While the list of states Osama considers enemies is large -- the US, Israel, France, the UK, Russia, India and China are all on it -- we also have the normally moderate Council of British Muslims complaining about harassment by the authorities, thus implicitly accepting the Islamic quality of the terrorists arrested. The claim is taken to further, laughable lengths by the British Parliament's Joint Committee on Human Rights, which, in an Orwellian outburst of absurdity, claimed, "There is mounting evidence that the powers under the Terrorism Act are being used disproportionately against members of the Muslim community in the UK." Did they expect some proportional action against Methodists and Anglicans?
To accept that Islamism is a lasting cultural phenomenon, as well as arguably an immediate terror threat, is to also admit that al Qaeda is everywhere going back to Bonaventura's definition of God. By becoming fundamentally synonymous with Islamism, al Qaeda has established a "presence" in all countries with significant Muslim communities. There are national Islamist terror groups everywhere, from Indonesia and the Philippines to Morocco and the UK. These groups were not invented by someone hiding in the mountains of the Afghanistan/Pakistan border. They are the products of a global Islamist revival--one defined by al Qaeda and its way of thinking.
Thus, national Islamist terror organizations and al Qaeda have two things in common: ideological similarity and persistent strategic (not tactical) cooperation. The Algerian Salafist Group for Preaching and Combat or the Moroccan Islamist Fighting Group, or the even more dangerous and larger Islamic Group in Southeast Asia, were not founded by al Qaeda, but it ideologically energizes them and gives them technical advice.
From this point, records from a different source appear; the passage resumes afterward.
(* Let $\mathcal C\subseteq 2^{[n]}$ be a degree two code. Then a neuron $i\in[n]$ is a $k$-piercing of $\mathcal C$ if and only if $i$ is an elimination neuron with exactly $k$ neighbors in $G(\mathcal C)$.
   Context: A code is a set $\mathcal C\subseteq 2^{[n]}$, $[n]=\{1,\dots,n\}$, elements of $[n]$ being neurons. Standing conventions: $\emptyset\in\mathcal C$; every neuron lies in some codeword; no two distinct neurons lie in exactly the same codewords. $\mathcal C\setminus i$ is obtained by removing $i$ from every codeword. For $\sigma\subseteq\tau$, $[\sigma,\tau]=\{\gamma:\sigma\subseteq\gamma\subseteq\tau\}$, of rank $|\tau\setminus\sigma|$. A neuron $i$ is a $k$-piercing of $\mathcal C$ if there are $\sigma\subseteq\tau\subseteq[n]\setminus\{i\}$ with $[\sigma,\tau]$ of rank $k$, $[\sigma,\tau]\subseteq\mathcal C\setminus i$, and $\mathcal C=(\mathcal C\setminus i)\cup[\sigma\cup\{i\},\tau\cup\{i\}]$. A pseudo-monomial in $\mathbb F_2[x_1,\dots,x_n]$ is $\prod_{i\in\sigma}x_i\prod_{j\in\tau}(1-x_j)$ with $\sigma\cap\tau=\emptyset$, ordered by divisibility. $J_\mathcal C=\langle\rho_\sigma:\sigma\notin\mathcal C\rangle$ with $\rho_\sigma=\prod_{i\in\sigma}x_i\prod_{j\notin\sigma}(1-x_j)$; $\mathrm{CF}(J_\mathcal C)$ is the set of minimal pseudo-monomials in $J_\mathcal C$. $\mathcal C$ is degree two if every element of $\mathrm{CF}(J_\mathcal C)$ has degree two. For degree two $\mathcal C$: $G(\mathcal C)$ is the graph on $[n]$ with edge $ij$ whenever $\mathrm{CF}(J_\mathcal C)$ contains no pseudo-monomial whose two variables are $x_i,x_j$; $P(\mathcal C)$ is the partial order on $[n]$ with $i<j$ iff $x_i(1-x_j)\in\mathrm{CF}(J_\mathcal C)$. A neuron $i$ is an elimination neuron if it is a simplicial vertex of $G(\mathcal C)$ (its neighborhood is a clique) and a minimal element of $P(\mathcal C)$. *)

theory Defs
  imports Main "HOL-Library.Poly_Mapping" "HOL-Library.Z2"
begin

text \<open>A monomial is an exponent vector finitely supported map nat to nat; a polynomial in F_2[x_1,...,x_n]
  is a finitely supported map from monomials to bit (the field F_2) whose monomials
  only involve variables in {1..n}.\<close>

type_synonym poly2 = "(nat \<Rightarrow>\<^sub>0 nat) \<Rightarrow>\<^sub>0 bit"

definition var :: "nat \<Rightarrow> poly2" where
  "var i = Poly_Mapping.single (Poly_Mapping.single i 1) 1"

definition in_ring :: "nat \<Rightarrow> poly2 \<Rightarrow> bool" where
  "in_ring n f \<longleftrightarrow> (\<forall>m \<in> Poly_Mapping.keys f. Poly_Mapping.keys m \<subseteq> {1..n})"

definition pm :: "nat set \<Rightarrow> nat set \<Rightarrow> poly2" where
  "pm s t = (\<Prod>i\<in>s. var i) * (\<Prod>j\<in>t. 1 - var j)"

definition is_pm :: "nat \<Rightarrow> nat set \<Rightarrow> nat set \<Rightarrow> bool" where
  "is_pm n s t \<longleftrightarrow> s \<subseteq> {1..n} \<and> t \<subseteq> {1..n} \<and> s \<inter> t = {}"

definition rho :: "nat \<Rightarrow> nat set \<Rightarrow> poly2" where
  "rho n s = pm s ({1..n} - s)"

definition in_JC :: "nat \<Rightarrow> nat set set \<Rightarrow> poly2 \<Rightarrow> bool" where
  "in_JC n C f \<longleftrightarrow> (\<exists>g :: nat set \<Rightarrow> poly2.
      (\<forall>s. in_ring n (g s)) \<and>
      f = (\<Sum>s \<in> Pow {1..n} - C. g s * rho n s))"

definition CF :: "nat \<Rightarrow> nat set set \<Rightarrow> (nat set \<times> nat set) set" where
  "CF n C = {(s, t). is_pm n s t \<and> in_JC n C (pm s t) \<and>
      \<not> (\<exists>s' t'. is_pm n s' t' \<and> in_JC n C (pm s' t') \<and>
           pm s' t' dvd pm s t \<and> pm s' t' \<noteq> pm s t)}"

definition is_code :: "nat \<Rightarrow> nat set set \<Rightarrow> bool" where
  "is_code n C \<longleftrightarrow> C \<subseteq> Pow {1..n} \<and> {} \<in> C \<and>
     (\<forall>i \<in> {1..n}. \<exists>c \<in> C. i \<in> c) \<and>
     (\<forall>i \<in> {1..n}. \<forall>j \<in> {1..n}. i \<noteq> j \<longrightarrow> {c \<in> C. i \<in> c} \<noteq> {c \<in> C. j \<in> c})"

definition delete_neuron :: "nat set set \<Rightarrow> nat \<Rightarrow> nat set set" where
  "delete_neuron C i = (\<lambda>c. c - {i}) ` C"

definition interval :: "nat set \<Rightarrow> nat set \<Rightarrow> nat set set" where
  "interval s t = {g. s \<subseteq> g \<and> g \<subseteq> t}"

definition is_piercing :: "nat \<Rightarrow> nat set set \<Rightarrow> nat \<Rightarrow> nat \<Rightarrow> bool" where
  "is_piercing n C i k \<longleftrightarrow> (\<exists>s t. s \<subseteq> t \<and> t \<subseteq> {1..n} - {i} \<and> card (t - s) = k \<and>
      interval s t \<subseteq> delete_neuron C i \<and>
      C = delete_neuron C i \<union> interval (insert i s) (insert i t))"

definition degree_two :: "nat \<Rightarrow> nat set set \<Rightarrow> bool" where
  "degree_two n C \<longleftrightarrow> (\<forall>(s, t) \<in> CF n C. card s + card t = 2)"

definition G_edge :: "nat \<Rightarrow> nat set set \<Rightarrow> nat \<Rightarrow> nat \<Rightarrow> bool" where
  "G_edge n C i j \<longleftrightarrow> i \<in> {1..n} \<and> j \<in> {1..n} \<and> i \<noteq> j \<and>
     \<not> (\<exists>(s, t) \<in> CF n C. s \<union> t = {i, j})"

definition G_nbrs :: "nat \<Rightarrow> nat set set \<Rightarrow> nat \<Rightarrow> nat set" where
  "G_nbrs n C i = {j. G_edge n C i j}"

definition simplicial :: "nat \<Rightarrow> nat set set \<Rightarrow> nat \<Rightarrow> bool" where
  "simplicial n C i \<longleftrightarrow> (\<forall>j \<in> G_nbrs n C i. \<forall>l \<in> G_nbrs n C i. j \<noteq> l \<longrightarrow> G_edge n C j l)"

definition P_less :: "nat \<Rightarrow> nat set set \<Rightarrow> nat \<Rightarrow> nat \<Rightarrow> bool" where
  "P_less n C i j \<longleftrightarrow> ({i}, {j}) \<in> CF n C"

definition P_minimal :: "nat \<Rightarrow> nat set set \<Rightarrow> nat \<Rightarrow> bool" where
  "P_minimal n C i \<longleftrightarrow> i \<in> {1..n} \<and> \<not> (\<exists>j \<in> {1..n}. P_less n C j i)"

definition elimination_neuron :: "nat \<Rightarrow> nat set set \<Rightarrow> nat \<Rightarrow> bool" where
  "elimination_neuron n C i \<longleftrightarrow> i \<in> {1..n} \<and> simplicial n C i \<and> P_minimal n C i"

end

theory Submission
  imports Defs
begin

(*
  Evaluating at 0/1 points shows that a pseudo-monomial x_s (1 - x_t) lies in J_C iff it
  vanishes on C, i.e. iff no codeword contains s and avoids t; so CF(J_C) consists of the
  inclusion-minimal such pairs (s, t). When C has degree two, every non-codeword is detected
  by two neurons: a set is a codeword iff each of its restrictions to two neurons is the
  restriction of a codeword. In these terms ij is an edge of G(C) iff C restricted to {i, j}
  is all of 2^{i, j}, and i is minimal in P(C) iff C is closed under deleting i.

  Let I and U be the intersection and the union of the codewords containing i. That i is a
  k-piercing says exactly that C is closed under deleting i and that the codewords containing
  i form the whole interval [I, U], where |U - I| = k. For P-minimal i the neighbours of i are
  the neurons in U - I, and i is simplicial iff the codewords containing i fill [I, U]: a
  clique on U - I lets every set between I and U pass the pairwise test.
*)

section \<open>Evaluation at 0/1 points\<close>

(* The value of f at the 0/1 point with support c: a monomial takes the value 1 there
   iff all of its variables lie in c. *)
definition eval_at :: "nat set \<Rightarrow> poly2 \<Rightarrow> bit" where
  "eval_at c f = (\<Sum>m\<in>Poly_Mapping.keys f.
     if Poly_Mapping.keys m \<subseteq> c then Poly_Mapping.lookup f m else 0)"

lemma eval_at_zero [simp]: "eval_at c 0 = 0"
  by (simp add: eval_at_def)

lemma eval_at_one [simp]: "eval_at c 1 = 1"
  by (simp add: eval_at_def)

lemma eval_at_single:
  "eval_at c (Poly_Mapping.single m a) = (if Poly_Mapping.keys m \<subseteq> c then a else 0)"
  by (simp add: eval_at_def)

lemma eval_at_var: "eval_at c (var i) = (if i \<in> c then 1 else 0)"
  by (simp add: var_def eval_at_single)

lemma eval_at_add: "eval_at c (f + g) = eval_at c f + eval_at c g"
  unfolding eval_at_def by (rule setsum_keys_plus_distrib) auto

lemma eval_at_diff: "eval_at c (f - g) = eval_at c f - eval_at c g"
  by (metis eval_at_add diff_add_cancel add_diff_cancel)

lemma eval_at_sum: "eval_at c (sum f A) = (\<Sum>a\<in>A. eval_at c (f a))"
  by (induction A rule: infinite_finite_induct) (auto simp: eval_at_add)

lemma keys_add_nat:
  "Poly_Mapping.keys (m + m' :: nat \<Rightarrow>\<^sub>0 nat) = Poly_Mapping.keys m \<union> Poly_Mapping.keys m'"
  by (auto simp: in_keys_iff lookup_add)

lemma poly2_eq_sum_single:
  "(f :: poly2) = (\<Sum>m\<in>Poly_Mapping.keys f. Poly_Mapping.single m (Poly_Mapping.lookup f m))"
  by (rule poly_mapping_eqI)
    (simp add: lookup_sum lookup_single when_def in_keys_iff split: if_splits)

lemma eval_at_mult: "eval_at c (f * g) = eval_at c f * eval_at c g"
proof -
  let ?s = "\<lambda>(h::poly2) m. Poly_Mapping.single m (Poly_Mapping.lookup h m)"
  let ?F = "Poly_Mapping.keys f" and ?G = "Poly_Mapping.keys g"
  have "eval_at c (f * g) = eval_at c ((\<Sum>m\<in>?F. ?s f m) * (\<Sum>m'\<in>?G. ?s g m'))"
    using poly2_eq_sum_single[of f] poly2_eq_sum_single[of g] by simp
  also have "\<dots> = (\<Sum>m\<in>?F. \<Sum>m'\<in>?G. eval_at c (?s f m * ?s g m'))"
    by (simp add: sum_product eval_at_sum)
  also have "\<dots> = (\<Sum>m\<in>?F. \<Sum>m'\<in>?G. eval_at c (?s f m) * eval_at c (?s g m'))"
    by (intro sum.cong refl)
      (simp del: mult_bit_eq_and add: mult_single eval_at_single keys_add_nat)
  also have "\<dots> = eval_at c (\<Sum>m\<in>?F. ?s f m) * eval_at c (\<Sum>m'\<in>?G. ?s g m')"
    by (simp only: eval_at_sum sum_product)
  finally show ?thesis
    using poly2_eq_sum_single[of f] poly2_eq_sum_single[of g] by simp
qed

lemma eval_at_prod: "eval_at c (prod f A) = (\<Prod>a\<in>A. eval_at c (f a))"
  by (induction A rule: infinite_finite_induct) (auto simp: eval_at_mult)

lemma prod_indicator:
  "finite A \<Longrightarrow> (\<Prod>a\<in>A. if P a then 1 else 0 :: 'a :: comm_semiring_1) =
     (if \<forall>a\<in>A. P a then 1 else 0)"
  by (induction A rule: finite_induct) auto

lemma eval_at_pm:
  assumes "finite s" "finite t"
  shows "eval_at c (pm s t) = (if s \<subseteq> c \<and> t \<inter> c = {} then 1 else 0)"
proof -
  have "(\<Prod>j\<in>t. eval_at c (1 - var j)) = (\<Prod>j\<in>t. if j \<notin> c then 1 else 0)"
    by (rule prod.cong) (auto simp: eval_at_diff eval_at_var)
  then show ?thesis
    using assms by (auto simp: pm_def eval_at_mult eval_at_prod eval_at_var prod_indicator)
qed

lemma eval_at_rho:
  assumes "c \<subseteq> {1..n}" "\<sigma> \<subseteq> {1..n}"
  shows "eval_at c (rho n \<sigma>) = (if \<sigma> = c then 1 else 0)"
proof -
  have "\<sigma> \<subseteq> c \<and> ({1..n} - \<sigma>) \<inter> c = {} \<longleftrightarrow> \<sigma> = c"
    using assms by auto
  moreover have "finite \<sigma>"
    using assms(2) by (rule finite_subset) simp
  ultimately show ?thesis
    by (simp add: rho_def eval_at_pm)
qed

lemma is_pm_finite: "is_pm n s t \<Longrightarrow> finite s \<and> finite t"
  unfolding is_pm_def by (meson finite_atLeastAtMost finite_subset)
McDonald's--to push the analogy a bit further--does not allow the use of its name to just any entrepreneur. It imposes standards--and so does al Qaeda. They maintain a degree of quality control to protect the company's logo.
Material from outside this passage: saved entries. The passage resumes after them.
(* For any $1 \leq i \neq j \leq r$ and $1 \leq s \leq l$, the graph with vertex set $V_i \cup V_j$ whose edges are the edges of $\mathcal{H}(V_i,V_j)$ of color $m_s$ contains no $K_{2,2}$ (4-cycle).
   Context: Let $r \geq 2$ and $l \geq 1$ be integers and $q$ a power of an odd prime. Let $\alpha_1, \dots, \alpha_r$ be distinct elements of $\mathbb{F}_q$, and let $m_1, \dots, m_l$ be distinct elements of $\mathbb{F}_q^* = \mathbb{F}_q\setminus\{0\}$ such that $m_s(\alpha_k - \alpha_i) \neq m_t(\alpha_k - \alpha_j)$ whenever $1 \leq s,t \leq l$ and $i,j,k$ are distinct integers in $\{1,\dots,r\}$. For $1 \leq i \leq r$ let $V_i = \mathbb{F}_q \times \mathbb{F}_q \times \{i\}$. For $x,y \in \mathbb{F}_q$, $a \in \mathbb{F}_q^*$, $s \in \{1,\dots,l\}$ let \[ e(x,y,a,m_s) = \{(x + \alpha_i m_s a,\; y + \alpha_i m_s a^2,\; i) : 1 \leq i \leq r\}. \] $\mathcal{H}$ is the $r$-uniform hypergraph with vertex set $V_1 \cup \dots \cup V_r$ and edge set $\{e(x,y,a,m_s) : x,y \in \mathbb{F}_q,\ a \in \mathbb{F}_q^*,\ 1 \leq s \leq l\}$; it is linear, so any pair of vertices lies in at most one edge of $\mathcal{H}$. For $i \neq j$, $\mathcal{H}(V_i,V_j)$ is the bipartite graph with parts $V_i$ and $V_j$ in which $u \in V_i$ and $w \in V_j$ are adjacent iff $\{u,w\} \subseteq e$ for some edge $e$ of $\mathcal{H}$. An edge $\{u,w\}$ of $\mathcal{H}(V_i,V_j)$ has color $m_s$ if the (unique) edge $e$ of $\mathcal{H}$ containing $\{u,w\}$ is of the form $e(x,y,a,m_s)$. *)

theory Defs
  imports "HOL-Computational_Algebra.Primes"
begin

text \<open>Vertices of the hypergraph are triples (x, y, i) with x, y in the field and i the part index.\<close>

definition part :: "nat \<Rightarrow> ('a \<times> 'a \<times> nat) set" where
  "part i = UNIV \<times> UNIV \<times> {i}"

definition hedge :: "(nat \<Rightarrow> 'a::field) \<Rightarrow> nat \<Rightarrow> 'a \<Rightarrow> 'a \<Rightarrow> 'a \<Rightarrow> 'a \<Rightarrow> ('a \<times> 'a \<times> nat) set" where
  "hedge \<alpha> r x y a \<mu> = {(x + \<alpha> i * \<mu> * a, y + \<alpha> i * \<mu> * a^2, i) | i. i \<in> {1..r}}"

definition color_adj :: "(nat \<Rightarrow> 'a::field) \<Rightarrow> nat \<Rightarrow> (nat \<Rightarrow> 'a) \<Rightarrow> nat \<Rightarrow> nat \<Rightarrow> nat
    \<Rightarrow> ('a \<times> 'a \<times> nat) \<Rightarrow> ('a \<times> 'a \<times> nat) \<Rightarrow> bool" where
  "color_adj \<alpha> r m s i j u w \<longleftrightarrow>
     ((u \<in> part i \<and> w \<in> part j) \<or> (u \<in> part j \<and> w \<in> part i)) \<and>
     (\<exists>x y a. a \<noteq> 0 \<and> {u, w} \<subseteq> hedge \<alpha> r x y a (m s))"

end

theory Submission
  imports Defs "HOL-Number_Theory.Residues"
begin

text \<open>
  A colour-m edge joining (x + \<alpha> i m a, y + \<alpha> i m a^2, i) to (x + \<alpha> j m a, y + \<alpha> j m a^2, j)
  has coordinate differences dx = (\<alpha> j - \<alpha> i) m a and dy = (\<alpha> j - \<alpha> i) m a^2, so
  c dy = dx^2 with c = (\<alpha> j - \<alpha> i) m \<noteq> 0: the neighbours of u in V_j lie on the parabola
  c (Y - y_u) = (X - x_u)^2.  Subtracting the equations of the parabolas of two distinct points
  u, u' \<in> V_i leaves a linear equation 2 (x_u' - x_u) X = \<dots> where x_u' \<noteq> x_u since
  otherwise the first equation would also force y_u' = y_u; so in odd
  characteristic two such parabolas meet in at most one point.  Hence two vertices of V_i
  have at most one common neighbour in V_j, which excludes a 4-cycle.
\<close>

lemma two_neq_zero_if_odd_card:
  assumes "odd (card (UNIV :: 'a::{ring_1, finite} set))"
  shows "(2::'a) \<noteq> 0"
proof
  assume "(2::'a) = 0"
  then have "CHAR('a) dvd 2"
    by (metis of_nat_eq_0_iff_char_dvd of_nat_numeral)
  moreover have "odd CHAR('a)"
    using assms CHAR_dvd_CARD dvd_trans by blast
  ultimately have "CHAR('a) = 1"
    using dvd_imp_le[of "CHAR('a)" 2] by (cases "CHAR('a)") (auto simp: less_Suc_eq)
  then show False
    by simp
qed

lemma parabolas_meet_at_most_once:
  fixes c :: "'a::field"
  assumes "c \<noteq> 0" and "(2::'a) \<noteq> 0" and "(a1, b1) \<noteq> (a2, b2)"
    and "c * (y - b1) = (x - a1)\<^sup>2" and "c * (y - b2) = (x - a2)\<^sup>2"
    and "c * (y' - b1) = (x' - a1)\<^sup>2" and "c * (y' - b2) = (x' - a2)\<^sup>2"
  shows "x = x' \<and> y = y'"
proof -
  have chord: "c * (b2 - b1) = (a2 - a1) * (2 * z - a1 - a2)"
    if "c * (w - b1) = (z - a1)\<^sup>2" "c * (w - b2) = (z - a2)\<^sup>2" for z w
  proof -
    have "c * (b2 - b1) = c * (w - b1) - c * (w - b2)"
      by (simp add: algebra_simps)
    also have "\<dots> = (a2 - a1) * (2 * z - a1 - a2)"
      unfolding that by (simp add: power2_eq_square algebra_simps)
    finally show ?thesis .
  qed
  have "a2 - a1 \<noteq> 0"
    using chord[OF assms(4,5)] assms(1,3) by auto
  then have "2 * x - a1 - a2 = 2 * x' - a1 - a2"
    using chord[OF assms(4,5)] chord[OF assms(6,7)] mult_left_cancel by metis
  then have "x = x'"
    using assms(2) by auto
  then have "c * (y - b1) = c * (y' - b1)"
    using assms(4,6) by simp
  then have "y = y'"
    using assms(1) by simp
  with \<open>x = x'\<close> show ?thesis ..
qed

definition color_arc :: "(nat \<Rightarrow> 'a::field) \<Rightarrow> (nat \<Rightarrow> 'a) \<Rightarrow> nat \<Rightarrow> nat \<Rightarrow> nat
    \<Rightarrow> ('a \<times> 'a \<times> nat) \<Rightarrow> ('a \<times> 'a \<times> nat) \<Rightarrow> bool" where
  "color_arc \<alpha> m s i j u w \<longleftrightarrow> snd (snd u) = i \<and> snd (snd w) = j \<and>
     (\<alpha> j - \<alpha> i) * m s * (fst (snd w) - fst (snd u)) = (fst w - fst u)\<^sup>2"

lemma hedge_points_color_arc:
  "color_arc \<alpha> m s i j (x + \<alpha> i * m s * a, y + \<alpha> i * m s * a\<^sup>2, i)
                        (x + \<alpha> j * m s * a, y + \<alpha> j * m s * a\<^sup>2, j)"
  unfolding color_arc_def by (simp add: power2_eq_square algebra_simps)

lemma color_adj_imp_color_arc:
  assumes "color_adj \<alpha> r m s i j u w"
  shows "color_arc \<alpha> m s i j u w \<or> color_arc \<alpha> m s i j w u"
proof -
  obtain x y a where "{u, w} \<subseteq> hedge \<alpha> r x y a (m s)"
    using assms unfolding color_adj_def by blast
  then obtain k k' where
    u: "u = (x + \<alpha> k * m s * a, y + \<alpha> k * m s * a\<^sup>2, k)" and
    w: "w = (x + \<alpha> k' * m s * a, y + \<alpha> k' * m s * a\<^sup>2, k')"
    unfolding hedge_def by blast
  have "(k = i \<and> k' = j) \<or> (k = j \<and> k' = i)"
    using assms u w unfolding color_adj_def part_def by auto
  then show ?thesis
    using hedge_points_color_arc u w by metis
qed

lemma color_arc_common_neighbour_unique:
  fixes \<alpha> m :: "nat \<Rightarrow> 'a::field"
  assumes "(\<alpha> j - \<alpha> i) * m s \<noteq> 0" and "(2::'a) \<noteq> 0" and "u \<noteq> u'"
    and "color_arc \<alpha> m s i j u w" "color_arc \<alpha> m s i j u' w"
    and "color_arc \<alpha> m s i j u w'" "color_arc \<alpha> m s i j u' w'"
  shows "w = w'"
proof -
  obtain a b a' b' x y x' y' where
    "u = (a, b, i)" "u' = (a', b', i)" "w = (x, y, j)" "w' = (x', y', j)"
    using assms(4-7) unfolding color_arc_def by (metis prod.collapse)
  then show ?thesis
    using parabolas_meet_at_most_once[OF assms(1,2), of a b a' b' y x y' x'] assms(3-7)
    unfolding color_arc_def by auto
qed

theorem lemma3p7:
  fixes \<alpha> m :: "nat \<Rightarrow> 'a::{field, finite}" and r l :: nat
  assumes q_odd_prime_power: "\<exists>p k. prime p \<and> odd p \<and> k \<ge> 1 \<and> card (UNIV :: 'a set) = p ^ k"
    and r2: "r \<ge> 2" and l1: "l \<ge> 1"
    and alpha_inj: "inj_on \<alpha> {1..r}"
    and m_inj: "inj_on m {1..l}"
    and m_nz: "\<forall>s \<in> {1..l}. m s \<noteq> 0"
    and m_cond: "\<forall>s \<in> {1..l}. \<forall>t \<in> {1..l}. \<forall>i \<in> {1..r}. \<forall>j \<in> {1..r}. \<forall>k \<in> {1..r}.
                   i \<noteq> j \<and> i \<noteq> k \<and> j \<noteq> k \<longrightarrow> m s * (\<alpha> k - \<alpha> i) \<noteq> m t * (\<alpha> k - \<alpha> j)"
    and ij: "i \<in> {1..r}" "j \<in> {1..r}" "i \<noteq> j"
    and s: "s \<in> {1..l}"
  shows "\<not> (\<exists>v1 v2 v3 v4. distinct [v1, v2, v3, v4] \<and>
             color_adj \<alpha> r m s i j v1 v2 \<and> color_adj \<alpha> r m s i j v2 v3 \<and>
             color_adj \<alpha> r m s i j v3 v4 \<and> color_adj \<alpha> r m s i j v4 v1)"
proof
  assume "\<exists>v1 v2 v3 v4. distinct [v1, v2, v3, v4] \<and>
             color_adj \<alpha> r m s i j v1 v2 \<and> color_adj \<alpha> r m s i j v2 v3 \<and>
             color_adj \<alpha> r m s i j v3 v4 \<and> color_adj \<alpha> r m s i j v4 v1"
  then obtain v1 v2 v3 v4 where distinct: "distinct [v1, v2, v3, v4]"
    and arcs: "color_arc \<alpha> m s i j v1 v2 \<or> color_arc \<alpha> m s i j v2 v1"
      "color_arc \<alpha> m s i j v2 v3 \<or> color_arc \<alpha> m s i j v3 v2"
      "color_arc \<alpha> m s i j v3 v4 \<or> color_arc \<alpha> m s i j v4 v3"
      "color_arc \<alpha> m s i j v4 v1 \<or> color_arc \<alpha> m s i j v1 v4"
    using color_adj_imp_color_arc by metis
  have "odd (card (UNIV :: 'a set))"
    using q_odd_prime_power by auto
  then have two: "(2::'a) \<noteq> 0"
    by (rule two_neq_zero_if_odd_card)
  have "\<alpha> j \<noteq> \<alpha> i"
    using alpha_inj ij by (metis inj_on_eq_iff)
  then have c: "(\<alpha> j - \<alpha> i) * m s \<noteq> 0"
    using m_nz s by simp
  note unique = color_arc_common_neighbour_unique[of \<alpha> j i m s, OF c two]
  show False
  proof (cases "snd (snd v1) = i")
    case True
    then show False
      using unique[of v1 v3 v2 v4] arcs distinct ij(3) unfolding color_arc_def by auto
  next
    case False
    then show False
      using unique[of v2 v4 v1 v3] arcs distinct ij(3) unfolding color_arc_def by auto
  qed
qed

end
The Al Qaeda visitor therefore has a role. The targeting has to be accepted, if not approved, by the "owners of the logo" in Pakistan, and it has to be done right: hence the use of al Qaeda's technical expertise. Virtually all known al Qaeda-linked operatives are experts in computers and engineering. This means that while al Qaeda is just a base, its role and degree of control over operations everywhere cannot be discounted as far too many countries are wont to do.
For counter-terrorist organizations everywhere, catching the visitor is tantamount to preventing an attack. The visitor is an essential ingredient in any successful terror attack, and is also the proof that al Qaeda is not only a form of Islamic ideology, but also the engine behind the entire problem of Islamist terror. Hence, we are back to basics. We must continue to improve intelligence and border controls, for detecting the "visitor." And we must admit that the problem is not some fringe, pseudo-Islamic minority but a significant proportion of the global Muslim community.